Я уже указывал ранее, что концепция антропоморфизма, по-видимому, является одной из важных категорий, лежащих в основе первобытного мышления. По-видимому, способность к движению самого себя и способность к движению объекта привели к включению человека и движущихся объектов в одну и ту же категорию, с последующим приписыванием человеческих качеств движущемуся объективному миру.

Хотя во многих случаях мы можем с достаточной степенью ясности видеть фундаментальные понятия, лежащие в основе этих категорий, в других случаях они отнюдь не ясны. Так, концепция инцестных групп — тех групп, в которых межродственные браки строго запрещены, — вездесуща; но до сих пор не было дано удовлетворительного объяснения тенденции объединять определенные степени кровного родства под этой точкой зрения.

Другое фундаментальное различие между ментальной жизнью первобытного человека и человека цивилизованного заключается в том, что мы преуспели в развитии, путем применения сознательного рассуждения, лучших систем из этих грубых, бессознательных классификаций всей суммы наших знаний, в то время как первобытный человек этого не сделал. Первое впечатление, полученное от изучения верований первобытного человека, заключается в том, что, хотя восприятия его чувств превосходны, его способность к логической интерпретации восприятий кажется недостаточной. Я думаю, можно показать, что причина этого факта основана не на какой-либо фундаментальной особенности ума первобытного человека, а заключается, скорее, в характере традиционных идей, с помощью которых интерпретируется каждое новое восприятие; другими словами, в характере традиционных идей, с которыми ассоциируется каждое новое восприятие. В нашем собственном сообществе ребенку передается масса наблюдений и мыслей. Эти мысли являются результатом тщательного наблюдения и размышлений наших нынешних и прошлых поколений; но они передаются большинству индивидов как традиционный материал, почти так же, как фольклор. Ребенок связывает новые восприятия со всей этой массой традиционного материала и интерпретирует свои наблюдения с его помощью. Я считаю ошибкой полагать, что интерпретация, сделанная каждым цивилизованным индивидом, является полным логическим процессом. Мы связываем явление с рядом известных фактов, интерпретации которых предполагаются известными, и мы удовлетворены сведением нового факта к этим ранее известным фактам. Например, если средний индивид слышит о взрыве ранее неизвестного химического вещества, он удовлетворяется рассуждением о том, что известно, что определенные материалы обладают свойством взрываться при соответствующих условиях, и что, следовательно, неизвестное вещество обладает тем же качеством. В целом, я не думаю, что мы должны пытаться спорить еще дальше и действительно пытаться дать полное объяснение причин взрыва.
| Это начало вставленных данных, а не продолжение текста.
definition is_solution :: "real \<Rightarrow> real \<Rightarrow> (real \<Rightarrow> real) \<Rightarrow> ((real \<Rightarrow> real \<times> real) \<Rightarrow> real) \<Rightarrow> real
      \<Rightarrow> (real \<Rightarrow> real \<times> real) \<Rightarrow> (real \<Rightarrow> real \<times> real) \<Rightarrow> bool" where
  "is_solution h Rm q j \<mu> \<phi> x \<longleftrightarrow>
     (\<exists>x'. (\<forall>t\<in>{-h..}. (x has_vector_derivative x' t) (at t within {-h..})) \<and> continuous_on {-h..} x')
   \<and> seg h x 0 = \<phi>
   \<and> (\<forall>t\<ge>0. seg h x t \<in> Uset h Rm)
   \<and> (\<forall>t>0. (x has_vector_derivative
          (q (snd (x t)) * fst (x t), j (seg h x t) - \<mu> * snd (x t))) (at t))"

end

theory Submission
  imports Defs
begin

text \<open>The first equation of the cell FDE is linear in \<open>w\<close>, so
  \<open>w t = w 0 * exp (\<integral>\<^sub>0\<^sup>t q (v s) ds)\<close>. If \<open>v t \<rightarrow> 0\<close> then \<open>q (v t) \<rightarrow> q 0 > 0\<close>, so the
  integral grows at least linearly and \<open>w\<close> grows exponentially.\<close>

lemma filterlim_integral_at_top:
  fixes a :: "real \<Rightarrow> real"
  assumes a: "continuous_on {t0..} a" and lim: "(a \<longlongrightarrow> L) at_top" and "L > 0"
  shows "filterlim (\<lambda>t. integral {t0..t} a) at_top at_top"
proof -
  have "eventually (\<lambda>t. a t > L / 2) at_top"
    using lim \<open>L > 0\<close> by (intro order_tendstoD) auto
  then obtain T0 where aT0: "\<And>t. t \<ge> T0 \<Longrightarrow> a t > L / 2"
    unfolding eventually_at_top_linorder by blast
  define T where "T = max T0 t0"
  have T: "T \<ge> t0" and aT: "\<And>t. t \<ge> T \<Longrightarrow> a t \<ge> L / 2"
    using aT0 by (auto simp: T_def less_imp_le)
  have integrable: "a integrable_on {t0..t}" for t
    by (intro integrable_continuous_interval continuous_on_subset[OF a]) auto
  have lower: "integral {t0..T} a + L / 2 * (t - T) \<le> integral {t0..t} a" if "t \<ge> T" for t
  proof -
    have "integral {T..t} (\<lambda>_. L / 2) \<le> integral {T..t} a"
      using aT by (intro integral_le integrable_continuous_interval continuous_on_subset[OF a])
        (use T in auto)
    moreover have "integral {t0..t} a = integral {t0..T} a + integral {T..t} a"
      using Henstock_Kurzweil_Integration.integral_combine[OF T that integrable] by simp
    ultimately show ?thesis
      using that by (simp add: mult.commute)
  qed
  have "filterlim (\<lambda>t. C + L / 2 * (t - T)) at_top at_top" for C
    using \<open>L > 0\<close> by real_asymp
  moreover have "eventually (\<lambda>t. integral {t0..T} a + L / 2 * (t - T) \<le> integral {t0..t} a) at_top"
    using eventually_ge_at_top[of T] by (rule eventually_mono) (rule lower)
  ultimately show ?thesis
    by (rule filterlim_at_top_mono)
qed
Различие в способе мышления первобытного человека и человека цивилизованного, по-видимому, в значительной степени состоит в различии характера традиционного материала, с которым ассоциируется новое восприятие. Инструкция, данная ребенку первобытного человека, не основана на веках экспериментирования, а состоит из грубого опыта поколений. Когда новый опыт проникает в ум первобытного человека, тот же процесс, который мы наблюдаем среди цивилизованных людей, вызывает совершенно иную серию ассоциаций и, следовательно, приводит к иному типу объяснения. Внезапный взрыв будет ассоциироваться в его уме, возможно, со сказками, которые он слышал относительно мифической истории мира, и, следовательно, будет сопровождаться суеверным страхом. Когда мы признаем, что ни среди цивилизованных людей, ни среди первобытных людей средний индивид не доводит до завершения попытку причинного объяснения явлений, а доводит ее лишь до такой степени, чтобы объединить ее с другими ранее известными фактами, мы признаем, что результат всего процесса зависит исключительно от характера традиционного материала. В этом заключается огромная важность фольклора в определении способа мышления. В этом заключается, в частности, огромное влияние текущего философского мнения на массы людей, и в этом заключается влияние доминирующей научной теории на характер научной работы.
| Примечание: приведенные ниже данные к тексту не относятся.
lemma cmp1_assoc [simp]: "f \<in> ar K \<Longrightarrow> g \<in> ar K \<Longrightarrow> h \<in> ar K \<Longrightarrow>
  trg1 K f = src1 K g \<Longrightarrow> trg1 K g = src1 K h \<Longrightarrow> cmp1 K (cmp1 K h g) f = cmp1 K h (cmp1 K g f)"
  using cmp1_assoc_arr1[of f "src1 K f" "trg1 K f" g "trg1 K g" h "trg1 K h"] by (simp add: arr1_def)

lemma cmp1_idn1_left [simp]: "f \<in> ar K \<Longrightarrow> B = trg1 K f \<Longrightarrow> cmp1 K (idn1 K B) f = f"
  and cmp1_idn1_right [simp]: "f \<in> ar K \<Longrightarrow> A = src1 K f \<Longrightarrow> cmp1 K f (idn1 K A) = f"
  using cmp1_idn1_arr1[of f "src1 K f" "trg1 K f"] by (simp_all add: arr1_def)

lemma dom2_in_ar [simp]: "\<alpha> \<in> cl K \<Longrightarrow> dom2 K \<alpha> \<in> ar K"
  and cod2_in_ar [simp]: "\<alpha> \<in> cl K \<Longrightarrow> cod2 K \<alpha> \<in> ar K"
  and src1_cod2 [simp]: "\<alpha> \<in> cl K \<Longrightarrow> src1 K (cod2 K \<alpha>) = src1 K (dom2 K \<alpha>)"
  and trg1_cod2 [simp]: "\<alpha> \<in> cl K \<Longrightarrow> trg1 K (cod2 K \<alpha>) = trg1 K (dom2 K \<alpha>)"
  using cl_parallel unfolding arr1_def by metis+

lemma arr1_cod2: "cell K \<phi> f g \<Longrightarrow> arr1 K f A B \<Longrightarrow> arr1 K g A B"
  and arr1_dom2: "cell K \<phi> f g \<Longrightarrow> arr1 K g A B \<Longrightarrow> arr1 K f A B"
  using cl_parallel[of \<phi>] unfolding cell_def arr1_def by auto

lemma idc_in_cl [simp]: "f \<in> ar K \<Longrightarrow> idc K f \<in> cl K"
  and dom2_idc [simp]: "f \<in> ar K \<Longrightarrow> dom2 K (idc K f) = f"
  and cod2_idc [simp]: "f \<in> ar K \<Longrightarrow> cod2 K (idc K f) = f"
  using cell_idc unfolding cell_def by blast+

lemma cell_self: "\<alpha> \<in> cl K \<Longrightarrow> cell K \<alpha> (dom2 K \<alpha>) (cod2 K \<alpha>)"
  by (simp add: cell_def)

lemma cell_vcmp_cl: "\<alpha> \<in> cl K \<Longrightarrow> \<beta> \<in> cl K \<Longrightarrow> cod2 K \<alpha> = dom2 K \<beta> \<Longrightarrow>
  cell K (vcmp K \<beta> \<alpha>) (dom2 K \<alpha>) (cod2 K \<beta>)"
  by (rule cell_vcmp) (simp_all add: cell_def)

lemma vcmp_in_cl [simp]: "\<alpha> \<in> cl K \<Longrightarrow> \<beta> \<in> cl K \<Longrightarrow> cod2 K \<alpha> = dom2 K \<beta> \<Longrightarrow> vcmp K \<beta> \<alpha> \<in> cl K"
  and dom2_vcmp [simp]: "\<alpha> \<in> cl K \<Longrightarrow> \<beta> \<in> cl K \<Longrightarrow> cod2 K \<alpha> = dom2 K \<beta> \<Longrightarrow> dom2 K (vcmp K \<beta> \<alpha>) = dom2 K \<alpha>"
  and cod2_vcmp [simp]: "\<alpha> \<in> cl K \<Longrightarrow> \<beta> \<in> cl K \<Longrightarrow> cod2 K \<alpha> = dom2 K \<beta> \<Longrightarrow> cod2 K (vcmp K \<beta> \<alpha>) = cod2 K \<beta>"
  using cell_vcmp_cl unfolding cell_def by blast+

lemma vcmp_assoc [simp]: "\<alpha> \<in> cl K \<Longrightarrow> \<beta> \<in> cl K \<Longrightarrow> \<gamma> \<in> cl K \<Longrightarrow>
  cod2 K \<alpha> = dom2 K \<beta> \<Longrightarrow> cod2 K \<beta> = dom2 K \<gamma> \<Longrightarrow>
  vcmp K (vcmp K \<gamma> \<beta>) \<alpha> = vcmp K \<gamma> (vcmp K \<beta> \<alpha>)"
  using vcmp_assoc_cell[of \<alpha> "dom2 K \<alpha>" "cod2 K \<alpha>" \<beta> "cod2 K \<beta>" \<gamma> "cod2 K \<gamma>"]
  by (simp add: cell_def)

lemma vcmp_idc_left [simp]: "\<alpha> \<in> cl K \<Longrightarrow> g = cod2 K \<alpha> \<Longrightarrow> vcmp K (idc K g) \<alpha> = \<alpha>"
  and vcmp_idc_right [simp]: "\<alpha> \<in> cl K \<Longrightarrow> f = dom2 K \<alpha> \<Longrightarrow> vcmp K \<alpha> (idc K f) = \<alpha>"
  using vcmp_idc_cell[OF cell_self] by blast+

lemma cell_hcmp_cl: "\<alpha> \<in> cl K \<Longrightarrow> \<beta> \<in> cl K \<Longrightarrow> trg1 K (dom2 K \<alpha>) = src1 K (dom2 K \<beta>) \<Longrightarrow>
  cell K (hcmp K \<beta> \<alpha>) (cmp1 K (dom2 K \<beta>) (dom2 K \<alpha>)) (cmp1 K (cod2 K \<beta>) (cod2 K \<alpha>))"
  by (rule cell_hcmp[OF cell_self cell_self]) (auto simp: arr1_def)

lemma hcmp_in_cl [simp]: "\<alpha> \<in> cl K \<Longrightarrow> \<beta> \<in> cl K \<Longrightarrow> trg1 K (dom2 K \<alpha>) = src1 K (dom2 K \<beta>) \<Longrightarrow>
    hcmp K \<beta> \<alpha> \<in> cl K"
  and dom2_hcmp [simp]: "\<alpha> \<in> cl K \<Longrightarrow> \<beta> \<in> cl K \<Longrightarrow> trg1 K (dom2 K \<alpha>) = src1 K (dom2 K \<beta>) \<Longrightarrow>
    dom2 K (hcmp K \<beta> \<alpha>) = cmp1 K (dom2 K \<beta>) (dom2 K \<alpha>)"
  and cod2_hcmp [simp]: "\<alpha> \<in> cl K \<Longrightarrow> \<beta> \<in> cl K \<Longrightarrow> trg1 K (dom2 K \<alpha>) = src1 K (dom2 K \<beta>) \<Longrightarrow>
    cod2 K (hcmp K \<beta> \<alpha>) = cmp1 K (cod2 K \<beta>) (cod2 K \<alpha>)"
  using cell_hcmp_cl unfolding cell_def by blast+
Было бы тщетно пытаться понять развитие современной науки без разумного понимания современной философии; было бы тщетно пытаться понять историю средневековой науки без знания средневековой теологии; и так же тщетно пытаться понять первобытную науку без разумного знания первобытной мифологии. «Мифология», «теология» и «философия» — это разные термины для одних и тех же влияний, которые формируют течение человеческой мысли и которые определяют характер попыток человека объяснить явления природы. Для первобытного человека, которого учили рассматривать небесные светила как одушевленные существа; который видит в каждом животном существо более могущественное, чем человек; для которого горы, деревья и камни наделены жизнью, — объяснения явлений будут предлагаться совершенно иные, чем те, к которым мы привыкли, поскольку мы основываем наши выводы на существовании материи и силы как вызывающих наблюдаемые результаты. Если бы мы не считали возможным объяснить весь спектр явлений как результат только материи и силы, все наши объяснения природных явлений приняли бы иной аспект.
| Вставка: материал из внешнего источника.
(* Let $n,m\ge1$, $a\in\mathbb{R}^n$, $d\in\mathbb{R}^m$ with $\|a\|=1\ge\|d\|$, $S_{\le0}=\{(x,y)\in\mathbb{R}^{n+m}:\|x\|\le\|y\|,\ a^\mathsf{T} x+d^\mathsf{T} y\le0\}$, $\lambda\in\mathbb{R}^n$ with $\|\lambda\|=1$, and $\phi_\lambda(y)=\max_x\{\lambda^\mathsf{T} x:(x,y)\in S_{\le0}\}$ for $y\in\mathbb{R}^m$. Then $C^\phi_\lambda=\{(x,y)\in\mathbb{R}^{n+m}:\phi_\lambda(y)\le\lambda^\mathsf{T} x\}$ is maximal $S_{\le0}$-free. Additionally, if $(\bar x,\bar y)\notin S_{\le0}$ satisfies $a^\mathsf{T}\bar x+d^\mathsf{T}\bar y\le0$ and $\lambda=\bar x/\|\bar x\|$, then $(\bar x,\bar y)\in\operatorname{int}(C^\phi_\lambda)$.
   Context: $\|\cdot\|$ is the Euclidean norm. A convex set $C$ is $S$-free if $\operatorname{int}(C)\cap S=\emptyset$, and maximal $S$-free if it is $S$-free and no $S$-free convex set strictly contains it. *)

theory Defs
  imports "HOL-Analysis.Analysis"
begin

text \<open>Points of R^(n+m) are pairs (x,y) with x in R^n, y in R^m; the product
  of Euclidean spaces carries the Euclidean norm and topology.\<close>

definition S_free :: "'a::real_normed_vector set \<Rightarrow> 'a set \<Rightarrow> bool" where
  "S_free C S \<longleftrightarrow> convex C \<and> interior C \<inter> S = {}"

definition maximal_S_free :: "'a::real_normed_vector set \<Rightarrow> 'a set \<Rightarrow> bool" where
  "maximal_S_free C S \<longleftrightarrow> S_free C S \<and> \<not> (\<exists>C'. S_free C' S \<and> C \<subset> C')"

definition S_le0 :: "real^'n \<Rightarrow> real^'m \<Rightarrow> ((real^'n) \<times> (real^'m)) set" where
  "S_le0 a d = {(x, y). norm x \<le> norm y \<and> a \<bullet> x + d \<bullet> y \<le> 0}"

text \<open>phi_lambda(y) = max { lambda^T x : (x,y) in S_le0 }; the maximum exists
  (the fibre is nonempty and compact), so it is the supremum.\<close>
definition phi :: "real^'n \<Rightarrow> real^'m \<Rightarrow> real^'n \<Rightarrow> real^'m \<Rightarrow> real" where
  "phi a d l y = Sup {l \<bullet> x | x. (x, y) \<in> S_le0 a d}"

definition C_phi :: "real^'n \<Rightarrow> real^'m \<Rightarrow> real^'n \<Rightarrow> ((real^'n) \<times> (real^'m)) set" where
  "C_phi a d l = {(x, y). phi a d l y \<le> l \<bullet> x}"

end

theory Submission
  imports Defs
begin

(* For fixed y, phi a d l y maximises l.x over the ball of radius |y| cut by the half-space
   a.x <= c, where c = -d.y. Splitting x along a turns this into maximising a linear form over
   a disc cut by a half-plane; the maximum sits either at the top of the disc or at the corner
   (c, N), where N = sqrt(|y|^2 - (d.y)^2). Both cases are covered by
     phi y = max {w1 c + w2 N | w1^2 + w2^2 = 1, w2 >= 0, w1 >= a.l}.
   As c is linear in y and N is a seminorm (because |d| <= 1), phi is a maximum of convex
   functions, so C_phi is convex. Points of S satisfy l.x <= phi y and so avoid the interior of
   C_phi, which contains the open cone |y| < l.x. Finally, for p outside C_phi the maximiser of
   phi at the y-coordinate of p is a point of S lying strictly between p and a point of that
   cone, so no convex proper enlargement of C_phi is S-free. *)

lemma normal_cone_at_corner:
  fixes t s \<rho> c N r :: real
  assumes "t\<^sup>2 + s\<^sup>2 = \<rho>\<^sup>2" "0 \<le> \<rho>" "0 \<le> s"
    and "c\<^sup>2 + N\<^sup>2 = r\<^sup>2" "0 \<le> r" "0 \<le> N"
    and "c * \<rho> < r * t"
  shows "s * c \<le> t * N"
proof -
  have E: "(t * N)\<^sup>2 - (s * c)\<^sup>2 = (r * t)\<^sup>2 - (c * \<rho>)\<^sup>2"
    using assms(1,4) by algebra
  consider "c \<le> 0" "0 \<le> t" | "0 < c" | "c \<le> 0" "t < 0" by linarith
  then show ?thesis
  proof cases
    case 1
    then show ?thesis using assms(3,6) by (meson mult_nonneg_nonneg mult_nonneg_nonpos order.trans)
  next
    case 2
    then have "0 \<le> c * \<rho>" using assms(2) by simp
    then have "(c * \<rho>)\<^sup>2 \<le> (r * t)\<^sup>2" using assms(7) by (intro power_mono) auto
    then have "(s * c)\<^sup>2 \<le> (t * N)\<^sup>2" using E by linarith
    moreover have "0 < r * t" using \<open>0 \<le> c * \<rho>\<close> assms(7) by linarith
    then have "0 \<le> t * N" using assms(5,6) by (simp add: zero_less_mult_iff)
    ultimately show ?thesis by (rule power2_le_imp_le)
  next
    case 3
    then have "r * t \<le> 0" "s * c \<le> 0" using assms(3,5) by (auto simp: mult_nonneg_nonpos)
    have "(- (r * t))\<^sup>2 \<le> (- (c * \<rho>))\<^sup>2" using \<open>r * t \<le> 0\<close> assms(7) by (intro power_mono) auto
    then have "(- (t * N))\<^sup>2 \<le> (- (s * c))\<^sup>2" using E unfolding power2_minus by linarith
    then have "- (t * N) \<le> - (s * c)" by (rule power2_le_imp_le) (use \<open>s * c \<le> 0\<close> in linarith)
    then show ?thesis by simp
  qed
qed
В научных исследованиях мы всегда должны ясно осознавать тот факт, что мы всегда воплощаем ряд гипотез и теорий в наших объяснениях и что мы не доводим анализ любого данного явления до завершения. На самом деле, если бы мы это делали, прогресс был бы вряд ли возможен, потому что каждое явление потребовало бы бесконечного количества времени для тщательной обработки. Мы, однако, слишком склонны полностью забывать общую, и для большинства из нас чисто традиционную, теоретическую базу, которая является фундаментом наших рассуждений, и предполагать, что результат наших рассуждений является абсолютной истиной. В этом мы совершаем ту же ошибку, которую совершают и совершали все менее цивилизованные народы. Они более легко удовлетворяются, чем мы в настоящее время; но они также принимают за истину традиционный элемент, который входит в их объяснения, и поэтому принимают за абсолютную истину выводы, основанные на нем. Очевидно, что чем меньше количество традиционных элементов, которые входят в наши рассуждения, и чем яснее мы стремимся быть в отношении гипотетической части наших рассуждений, тем более логичными будут наши выводы. Существует несомненная тенденция в прогрессе цивилизации к устранению традиционных элементов и к получению все более ясного понимания гипотетической основы наших рассуждений. Поэтому неудивительно, что с прогрессом цивилизации рассуждение становится все более логичным, не потому, что каждый индивид осуществляет свою мысль более логичным образом, а потому, что традиционный материал, который передается каждому индивиду, был обдуман и проработан более тщательно и более внимательно. В то время как в первобытной цивилизации традиционный материал подвергается сомнению и исследованию лишь очень немногими индивидами, число мыслителей, которые пытаются освободиться от оков традиции, увеличивается по мере продвижения цивилизации.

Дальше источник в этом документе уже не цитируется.